_TASK PROMPT_: Go through the data line by line from the top, retyping each exactly, and end with the line that contains "using fps_conv_radius_yfps_power_mult[of 1".

_SOURCE DATA_:
lemma qpair_Rop_power:
  assumes a: "0 < a" and q: "norm q < 1" and H0: "fps_nth H 0 = 0"
    and H: "1 \<le> fps_conv_radius H" and G: "1 \<le> fps_conv_radius G"
  shows "qpair q ((Rop q ^^ a) H) G = qpair q H (yfps ^ a * G)"
proof -
  let ?Y = "fps_nth (yfps ^ a)" and ?r = "norm q"
  have Y0: "?Y 0 = 0"
    using fps_nth_yfps_power_0[OF a] .
  have Y: "1 \<le> fps_conv_radius (yfps ^ a)"
    using fps_conv_radius_yfps_power_mult[of 1 a] by simp
  obtain K where K: "0 \<le> K" "\<And>z. norm z \<le> ?r \<Longrightarrow> norm (eval_fps H z) \<le> K * norm z"
    using eval_fps_linear_bound[OF H0 _ less_fps_conv_radius[OF q H]] by auto
  define D where "D = (\<lambda>(k, m). fps_nth G k * (?Y m * eval_fps H (q ^ (k + m))))"
  have bound: "norm (D (k, m)) \<le> (norm (fps_nth G k) * ?r ^ k) * (K * (norm (?Y m) * ?r ^ m))"
    for k m
  proof (cases "m = 0")
    case False
    have "norm (q ^ (k + m)) \<le> ?r"
      using False q power_decreasing[of 1 "k + m" ?r] by (simp add: norm_power)
    from K(2)[OF this] have "norm (eval_fps H (q ^ (k + m))) \<le> K * (?r ^ k * ?r ^ m)"
      by (simp add: norm_mult norm_power power_add)
    then have "norm (fps_nth G k) * norm (?Y m) * norm (eval_fps H (q ^ (k + m)))
        \<le> norm (fps_nth G k) * norm (?Y m) * (K * (?r ^ k * ?r ^ m))"
      by (rule mult_left_mono) simp
    then show ?thesis
      by (simp add: D_def norm_mult mult_ac)
  qed (simp add: D_def Y0 K(1))
  have D: "D summable_on UNIV"
    by (rule summable_on_if_dominated_by_product[where A = "\<lambda>k. norm (fps_nth G k) * ?r ^ k"
          and B = "\<lambda>m. K * (norm (?Y m) * ?r ^ m)", OF bound])
      (use K(1) summable_norm_fps_nth_times_power[OF _ less_fps_conv_radius[OF q G]]
        summable_norm_fps_nth_times_power[OF _ less_fps_conv_radius[OF q Y]]
        in \<open>auto intro: summable_mult\<close>)
  have rows: "(\<lambda>m. D (k, m)) sums (eval_fps ((Rop q ^^ a) H) (q ^ k) * fps_nth G k)" for k
    using sums_mult[OF sums_eval_fps_Rop_power[OF a H0 q H, of "q ^ k"], of "fps_nth G k"] q
    by (simp add: D_def norm_power power_le_one power_add mult_ac)
  have antidiagonals: "(\<Sum>m\<le>n. D (n - m, m)) = eval_fps H (q ^ n) * fps_nth (yfps ^ a * G) n"
    for n
  proof -
    have "(\<Sum>m\<le>n. D (n - m, m)) = (\<Sum>m\<le>n. eval_fps H (q ^ n) * (?Y m * fps_nth G (n - m)))"
      by (intro sum.cong) (auto simp: D_def)
    also have "\<dots> = eval_fps H (q ^ n) * fps_nth (yfps ^ a * G) n"
      by (simp add: fps_mult_nth atLeast0AtMost sum_distrib_left)
    finally show ?thesis .
  qed
  show ?thesis
    using sums_infsum_rows[OF D rows] sums_infsum_antidiagonals[OF D]
    by (simp add: qpair_def antidiagonals sums_iff)
qed

lemma qpair_yfps_power_mult:
  assumes q: "norm q < 1" and F: "1 \<le> fps_conv_radius F" and G0: "fps_nth G 0 = 0"
  shows "qpair q (yfps ^ b * F) G = qpair q F ((Rop q ^^ b) G)"
  unfolding qpair_def
proof (intro arg_cong[where f = suminf] ext)
  fix n
  show "eval_fps (yfps ^ b * F) (q ^ n) * fps_nth G n = eval_fps F (q ^ n) * fps_nth ((Rop q ^^ b) G) n"
  proof (cases "n = 0")
    case False
    then have "norm (q ^ n) < 1"
      using q by (simp add: norm_power power_less_one_iff)
    then show ?thesis
      by (simp add: eval_fps_yfps_power_mult[OF _ F] fps_nth_Rop_power[OF G0 q] rfactor_def)
  qed (simp add: G0 fps_nth_Rop_power[OF G0 q])
qed

lemma qpair_nestR:
  assumes "\<forall>(a, b) \<in> set L. 0 < a \<and> 0 < b" and "\<forall>(a, b) \<in> set N. 0 < a \<and> 0 < b"
    and q: "norm q < 1"
  shows "qpair q (nestR q L) (nestR q N) = qpair q 1 (nestR q (rev (map prod.swap L) @ N))"
  using assms(1,2)
proof (induction L arbitrary: N)
  case (Cons ab L)
  obtain a b where ab: "ab = (a, b)"
    by fastforce
  with Cons.prems have a: "0 < a" and b: "0 < b" by auto
  have L: "1 \<le> fps_conv_radius (nestR q L)" and N: "1 \<le> fps_conv_radius (nestR q N)"
    using Cons.prems fps_conv_radius_nestR[OF _ q] by (auto intro: less_imp_le)
  have "qpair q (nestR q (ab # L)) (nestR q N)
      = qpair q (yfps ^ b * nestR q L) (yfps ^ a * nestR q N)"
    using qpair_Rop_power[OF a q _ fps_conv_radius_yfps_power_mult[OF L] N] fps_nth_yfps_power_0[OF b]
    by (simp add: ab)
  also have "\<dots> = qpair q (nestR q L) (nestR q ((b, a) # N))"
    using qpair_yfps_power_mult[OF q L] fps_nth_yfps_power_0[OF a] by simp
  also have "\<dots> = qpair q 1 (nestR q (rev (map prod.swap L) @ (b, a) # N))"
    by (rule Cons.IH) (use Cons.prems a b in \<open>auto simp: ab\<close>)
  finally show ?case
    by (simp add: ab)
qed simp

lemma qpair_1_left: "qpair q 1 G = eval_at_1 G"
  by (simp add: qpair_def eval_at_1_def)

lemma qpair_1_right: "qpair q F 1 = eval_at_1 F"
proof -
  have "(\<lambda>n. eval_fps F (q ^ n) * fps_nth 1 n) = (\<lambda>n. if n = 0 then eval_fps F 1 else 0)"
    by auto
  then show ?thesis
    using sums_single[of 0 "\<lambda>_. eval_fps F 1"]
    by (simp add: qpair_def sums_iff eval_fps_def eval_at_1_def)
qed

theorem corollary3p4:
  fixes l :: nat and \<alpha>s \<beta>s :: "nat list" and q :: complex
  assumes "l \<ge> 1" and "length \<alpha>s = l" and "length \<beta>s = l"
    and "\<forall>j\<in>set \<alpha>s. j \<ge> 1" and "\<forall>j\<in>set \<beta>s. j \<ge> 1"
    and "norm q < 1"
  shows "summable (fps_nth (nestR q (zip \<alpha>s \<beta>s)))
       \<and> summable (fps_nth (nestR q (rev (zip \<beta>s \<alpha>s))))
       \<and> eval_at_1 (nestR q (zip \<alpha>s \<beta>s)) = eval_at_1 (nestR q (rev (zip \<beta>s \<alpha>s)))"
proof -
  define L where "L = zip \<alpha>s \<beta>s"
  have L: "\<forall>(a, b) \<in> set L. 0 < a \<and> 0 < b"
    using assms(4,5) set_zip_leftD set_zip_rightD by (fastforce simp: L_def)
  then have L': "\<forall>(a, b) \<in> set (rev (map prod.swap L)). 0 < a \<and> 0 < b"
    by auto
  have swap: "rev (zip \<beta>s \<alpha>s) = rev (map prod.swap L)"
    by (simp add: L_def zip_commute[of \<beta>s] prod.swap_def case_prod_beta')
  have "eval_at_1 (nestR q L) = qpair q (nestR q L) (nestR q [])"
    by (simp add: qpair_1_right)
  also have "\<dots> = eval_at_1 (nestR q (rev (map prod.swap L)))"
    using qpair_nestR[OF L _ assms(6), of "[]"] by (simp add: qpair_1_left)
  finally show ?thesis
    using summable_fps_nth_nestR[OF L assms(6)] summable_fps_nth_nestR[OF L' assms(6)]
    by (simp add: L_def swap)
qed

end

_ANSWER SPACE_:
lemma qpair_Rop_power:
  assumes a: "0 < a" and q: "norm q < 1" and H0: "fps_nth H 0 = 0"
    and H: "1 \<le> fps_conv_radius H" and G: "1 \<le> fps_conv_radius G"
  shows "qpair q ((Rop q ^^ a) H) G = qpair q H (yfps ^ a * G)"
proof -
  let ?Y = "fps_nth (yfps ^ a)" and ?r = "norm q"
  have Y0: "?Y 0 = 0"
    using fps_nth_yfps_power_0[OF a] .
  have Y: "1 \<le> fps_conv_radius (yfps ^ a)"
    using fps_conv_radius_yfps_power_mult[of 1 a] by simp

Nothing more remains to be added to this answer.